Sorry to double post but the 538 bit above got me thinking about something beyond the obvious bit regarding battleground states’ partisan leans and how they are and are not shifting per current poll results …
The perennial bugaboo of likely voter models on forecasts. There are variations of the secret sauce but generally they rely on some formula of stated intent to vote, whether or not they voted last time, and weighting by demographic past performance.
Let’s focus on Pennsylvania for an example.
Pennsylvania leaned slightly D in 2012. In 2016 it leaned slightly R. 538’s poll aggregation going into the 2016 election had Clinton up by 3.7. But we all know what happened: some who voted D in 2012 and said Clinton did not show up on Election Day, even though polls counted them as “likely” to, and some more who said Trump showed up, even though their lack of voting last time had them not pegged as “likely” to.
It’s probably not the only reason for individual state polls to have been off by a couple of percent, but it seems that LV models missing the mark with shifts in states relative to their previous leans was a big part of the state polling misses.
Was 2016 an aberration? If so do atypical turnouts last time (and thereby being a past voter) accurately predict LV behavior this time or not?
Atypical situations trigger atypical turnouts which deliver atypical = unpredictable results. Two boring establishment candidates such as Clinton vs Dole or Bush 2 v Gore probably run pretty true to historical form.
The novelty of Obama in 2008 and to a lesser degree in 2012 or both Trump and Hillary in 2016 knocked the pollsters for a loop. based mostly on the people who did or didn’t turn out when the opposite was expected.
Clearly 2020 will be hugely atypical. Between Trump, COVID, BLM, the RW militias, the USPS, there’s almost nothing about this election that is ordinary. Except maybe Joe Biden. Although even he sauced that up (for good or ill) with Kamala Harris.
The other gotcha is that as turnout has been on a downtrend for decades, the voting power of the normally-apathetic set is amplified.

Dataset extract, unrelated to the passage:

(* Assume the setting and the nsCRAIG recurrence described in the context, and let $k\ge1$ be such that $Q_k,B_k,H_k$ are defined. Then $H_k$ is nonsingular, and the vector $p^{(k)}=Q_ky_k$ with $y_k=-B_k^{-1}H_k^{-1}(\beta_1e_1)$ coincides with the $k$-th iterate of the full orthogonalization method (FOM), started from the zero initial guess and preconditioned with $N$, applied to the Schur-complement equation $Sp=-b$, $S=A^TM^{-1}A+C$; that is, $p^{(k)}$ is the unique $p\in\mathcal{K}_k:=\operatorname{span}\{N^{-1}b,(N^{-1}S)N^{-1}b,\dots,(N^{-1}S)^{k-1}N^{-1}b\}$ with $(-b-Sp)^Tx=0$ for all $x\in\mathcal{K}_k$. Moreover the nsCRAIG iterate $u^{(k)}$ satisfies $u^{(k)}=-M^{-1}Ap^{(k)}$.
   Context: Setting: $M\in\mathbb{R}^{m\times m}$ is nonsymmetric and positive definite ($x^TMx>0$ for all $x\ne0$); $A\in\mathbb{R}^{m\times n}$ ($n\le m$) has full column rank; $C\in\mathbb{R}^{n\times n}$ is symmetric positive semidefinite; $b\in\mathbb{R}^n$ is nonzero; $N\in\mathbb{R}^{n\times n}$ is symmetric positive definite. Write $\|x\|_G=(x^TGx)^{1/2}$ for $G$ positive definite (for nonsymmetric $M$ this is the norm of its symmetric part). The generalized saddle point system is $Mu+Ap=0$, $A^Tu-Cp=b$, with unique solution $(u_*,p_* )$; $S=A^TM^{-1}A+C$. nsCRAIG recurrence (exact arithmetic): Initialization: $\beta_1=\|b\|_{N^{-1}}$, $q_1=N^{-1}b/\beta_1$, $Q_1=[q_1]$, $r_1=q_1$, $w_1=M^{-1}Aq_1$, $s_1=Cr_1$, $\alpha_1=(w_1^TMw_1+r_1^Ts_1)^{1/2}$, $v_1=w_1/\alpha_1$, $t_1=s_1/\alpha_1$, $\chi_1=\beta_1/\alpha_1$. For $k=1,2,\dots$: $\hat g_k=N^{-1}(A^Tv_k+t_k)$, $h_k=Q_k^TN\hat g_k\in\mathbb{R}^k$, $g_k=\hat g_k-Q_kh_k$, $\beta_{k+1}=\|g_k\|_N$; if $\beta_{k+1}=0$ the recurrence stops; otherwise $q_{k+1}=g_k/\beta_{k+1}$, $Q_{k+1}=[Q_k,q_{k+1}]$, $w_{k+1}=M^{-1}Aq_{k+1}-\beta_{k+1}v_k$, $r_{k+1}=q_{k+1}-(\beta_{k+1}/\alpha_k)r_k$, $s_{k+1}=Cr_{k+1}$, $\alpha_{k+1}=(w_{k+1}^TMw_{k+1}+r_{k+1}^Ts_{k+1})^{1/2}$, $v_{k+1}=w_{k+1}/\alpha_{k+1}$, $t_{k+1}=s_{k+1}/\alpha_{k+1}$, $\chi_{k+1}=-(\beta_{k+1}/\alpha_{k+1})\chi_k$. Matrices: $B_k\in\mathbb{R}^{k\times k}$ upper bidiagonal with $(B_k)_{ii}=\alpha_i$, $(B_k)_{i,i+1}=\beta_{i+1}$; $H_k\in\mathbb{R}^{k\times k}$ upper Hessenberg whose $j$-th column has entries $(H_k)_{ij}=(h_j)_i$ for $i\le j$, $(H_k)_{j+1,j}=\beta_{j+1}$ (if $j<k$), and zeros otherwise. The nsCRAIG iterates at step $k$ are $y_k=-B_k^{-1}H_k^{-1}(\beta_1e_1)$, $p^{(k)}=Q_ky_k$, $u^{(k)}=-M^{-1}Ap^{(k)}$, with $e_1$ the first unit vector of $\mathbb{R}^k$. *)

theory Defs
  imports Complex_Main "Jordan_Normal_Form.Gauss_Jordan_Elimination" "Jordan_Normal_Form.DL_Rank"
begin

It only takes something motivating a smaller and smaller percentage of that larger & larger cohort to upset the predictions.
For all these reasons I personally put very large error bars on top of the pollsters’ error bars.
I’m nervously completely agreeing that the extreme atypical nature of this specific time will make LV models very very hard to do well, and as you put it superimposing extra large error bars is indicated.
But I think you are mistaken about that “other gotcha”. See here.
From 1972 to 2000 presidential election voter turnout averaged mid 50%s. In 2004 it hit over 60% for the first time since 1968 and only dropped slightly below it in 2012, staying over otherwise. 2016 was 60.1 and only 2008 at 61.6 was higher since 1972 (2004 tied)
Midterm turnout also pretty flat low since 1974, 38.1 to 42 range, dropping in 2014 to a miserable 36.7. But in 2018 jumped to 50%.
There is really no long term downward trend of turnout.
But does huge midterm turnout in the 2018 presage big increases in 2020, or do various obstacles, from pandemic to voter suppression to just lack of traditional GOTV approaches, tamp it to lower than 2016 or even 2012 numbers? And who is actually likely to vote despite those obstacles?
Texas is a pretty conservative state. Any time I see references to Texas’s high Latino population, I always wonder if Texas Latinos are more conservatives than Latino Americans in general. I skimmed the report you linked to and didn’t see that info there.
I was looking at Wisconsin results a couple of days ago. At the time, the best pollsters were rated B/C, and Biden was ahead by 4.3% (across six polls), with Trump leading in one (by one) and tied (in one). Biden was ahead by 10% in one poll (that has to be an outlier).
Yes. If Trump loses FL (and assuming PA is safely blue), he needs to run the Midwest table by winning OH, MI, WI and MN. That’s not impossible, but it’s really unlikely (he lost MN in 2016, and nobody thinks he has a chance in hell in MI).
This may have gotten lost in the big batch of polls I posted Tuesday, but Morning Consult did a neat little experiment here. They polled each of 11 swing states both immediately before and immediately after the convention in an effort to measure convention bounce. It’s nice to get polls from the same pollster, with the same methodology, in the same timeframe, across a bunch of states.
Here are those polls again, grouped nicely for easier reading. This shows a slight shift toward Biden on average, but most of that is a huge shift in Arizona. Without Arizona it’s basically flat.
Which is why I always argue the Ds should avoid the HRC mistake of 2016 by putting all their eggs in the Florida basket while ignoring other, less flakey states.
Newest polls in 538 show improvement for Biden in North Carolina, Minnesota, and Arizona — enough put him back at winning 70 out of 100 iterations of their model.
Yep, they’ve changed it from Biden is slightly favored to win to Biden is favored to win. I’m guessing those new polls have nudged things in that direction.